Study: White Shark May Have Evolved from Mako Shark

Paleontologists from the University of Florida have identified an ancient intermediate form of the white shark, which shows present-day white shark likely descended from smaller mako sharks and not from megatooth sharks as previously thought.

This image shows a 4.5-million-year-old skull of the Hubbell’s white shark, Carcharodon hubbelli (Jeff Gage / Florida Museum of Natural History)

Originally classified as a direct relative of megatooth sharks, evolutionary history of the great white shark, Carcharodon carcharias, has been debated by paleontologists for the last 150 years.

A new study published in the journal Palaeontology deviates from the white shark’s original classification as a relative of megatooth sharks such as the extinct Carcharocles megalodon, the largest carnivorous shark that ever lived. Using zircon U-Pb dating and strontium-ratio isotopic analysis, the scientists have concluded that the new shark species, named Carcharodon hubbelli, lived about 6-8 million years ago during the late Miocene – at least 2 million years earlier than previously believed.

“We can look at white sharks today a little bit differently ecologically if we know that they come from a mako shark ancestor,” said lead author Dr Dana Ehret of Monmouth University in New Jersey. “That 2-million-year pushback is pretty significant because in the evolutionary history of white sharks, that puts this species in a more appropriate time category to be ancestral or kind of an intermediate form of white shark.”

Most ancient shark species are named using isolated teeth, but analysis of C. hubbelli, also known as Hubbell’s white shark, was based on a complete set of jaws with 222 teeth intact and 45 vertebrae. The species was named for Gainesville resident Gordon Hubbell, a collector who recovered the fossils from a farmer who discovered them in the Pisco Formation of southern Peru in 1988. Hubbell donated the specimens to the Florida Museum of Natural History in December 2009.

“The impetus of this project was really the fact that Gordon Hubbell donated a majority of his fossil shark collection to the Florida Museum,” Dr Ehret said. “Naming the shark in his honor is a small tip of the hat to all the great things he has done to advance paleontology.”

The same team published an initial study describing the shark specimens in the Journal of Vertebrate Paleontology in 2009 (full paper in pdf), but dates for the site reflected information from a 1985 study about the Pisco Formation. With Hubbell’s hand-drawn maps and descriptions of the landscape, researchers returned to the site and found the exact spot the fossils were discovered.

The team extracted more accurate age estimates from mollusk shells in the fossil horizon to determine the shark species was from the late Miocene, about 6.5 million years ago, rather than the early Pliocene, about 4.5 million years ago. The new dates will also be useful for better understanding other fossils found in the rich Pisco Formation, which include new whale, marine sloth and terrestrial vertebrate species.

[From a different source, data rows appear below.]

lemma convex_combination_approx:
  fixes Az A1 A2 B D \<epsilon> t p1 P Q :: real
  assumes P: "0 < P" "P \<le> Q" "Q - P \<le> \<epsilon> * P" and p1: "0 \<le> p1" "p1 \<le> P"
    and A: "\<bar>A1\<bar> \<le> B" "\<bar>A2\<bar> \<le> B" and D: "0 \<le> D"
    and E: "\<bar>Q * Az - (p1 * A1 + (P - p1) * A2)\<bar> \<le> P * D + (Q - P) * B"
  shows "\<bar>Az - (t * A1 + (1 - t) * A2)\<bar> \<le> D + 2 * \<epsilon> * B + 2 * \<bar>p1 / P - t\<bar> * B"
proof -
  define r where "r = p1 / P"
  define M where "M = r * A1 + (1 - r) * A2"
  have r: "0 \<le> r" "r \<le> 1" "p1 = r * P"
    using P p1 unfolding r_def by auto
  have B: "0 \<le> B"
    using A by linarith
  have "0 \<le> \<epsilon> * P"
    using P by linarith
  then have \<epsilon>: "0 \<le> \<epsilon>"
    using P(1) by (simp add: zero_le_mult_iff)
  have "0 \<le> 1 - r"
    using r(2) by simp
  then have "\<bar>r * A1\<bar> \<le> r * B" "\<bar>(1 - r) * A2\<bar> \<le> (1 - r) * B"
    unfolding abs_mult abs_of_nonneg[OF r(1)] abs_of_nonneg[OF \<open>0 \<le> 1 - r\<close>]
    using r(1) A by (auto intro: mult_left_mono)
  moreover have "(1 - r) * B = B - r * B"
    by (simp add: algebra_simps)
  ultimately have M: "\<bar>M\<bar> \<le> B"
    unfolding M_def using abs_triangle_ineq[of "r * A1" "(1 - r) * A2"] by linarith
  have "Q * (Az - M) = (Q * Az - (p1 * A1 + (P - p1) * A2)) - (Q - P) * M"
    unfolding M_def r(3) by (simp add: algebra_simps)
  moreover have "\<bar>(Q - P) * M\<bar> \<le> (Q - P) * B"
    using P(2) M by (simp add: abs_mult mult_left_mono)
  ultimately have "\<bar>Q * (Az - M)\<bar> \<le> P * D + 2 * ((Q - P) * B)"
    using E by linarith
  also have "\<dots> \<le> Q * (D + 2 * \<epsilon> * B)"
  proof -
    have "P * D \<le> Q * D"
      using P(2) D by (rule mult_right_mono)
    moreover have "(Q - P) * B \<le> \<epsilon> * P * B"
      using P(3) B by (rule mult_right_mono)
    moreover have "\<epsilon> * P * B \<le> \<epsilon> * Q * B"
      using mult_right_mono[OF mult_left_mono[OF P(2) \<epsilon>] B] .
    moreover have "Q * (D + 2 * \<epsilon> * B) = Q * D + 2 * (\<epsilon> * Q * B)"
      by (simp add: algebra_simps)
    ultimately show ?thesis
      by linarith
  qed
  finally have "Q * \<bar>Az - M\<bar> \<le> Q * (D + 2 * \<epsilon> * B)"
    unfolding abs_mult using P by simp
  then have "\<bar>Az - M\<bar> \<le> D + 2 * \<epsilon> * B"
    using P by (simp only: mult_le_cancel_left_pos)
  moreover have "\<bar>M - (t * A1 + (1 - t) * A2)\<bar> \<le> \<bar>r - t\<bar> * (2 * B)"
  proof -
    have "M - (t * A1 + (1 - t) * A2) = (r - t) * (A1 - A2)"
      unfolding M_def by (simp add: algebra_simps)
    moreover have "\<bar>A1 - A2\<bar> \<le> 2 * B"
      using A by linarith
    ultimately show ?thesis
      by (simp add: abs_mult mult_left_mono)
  qed
  moreover have "\<bar>r - t\<bar> * (2 * B) = 2 * \<bar>r - t\<bar> * B"
    by simp
  moreover have "\<bar>Az - (t * A1 + (1 - t) * A2)\<bar> \<le> \<bar>Az - M\<bar> + \<bar>M - (t * A1 + (1 - t) * A2)\<bar>"
    using dist_triangle[of Az _ M] unfolding dist_real_def .
  ultimately show ?thesis
    unfolding r_def by linarith
qed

The paleontologists determined Hubbell’s white shark was related to ancient broad-toothed mako sharks by comparing the physical shapes of shark teeth to one another. While modern white sharks have serrations on their teeth for consuming marine mammals, mako sharks do not have serrations because they primarily feed on fish. Hubbell’s white shark has coarse serrations indicative of a transition from broad-toothed mako sharks to modern white sharks.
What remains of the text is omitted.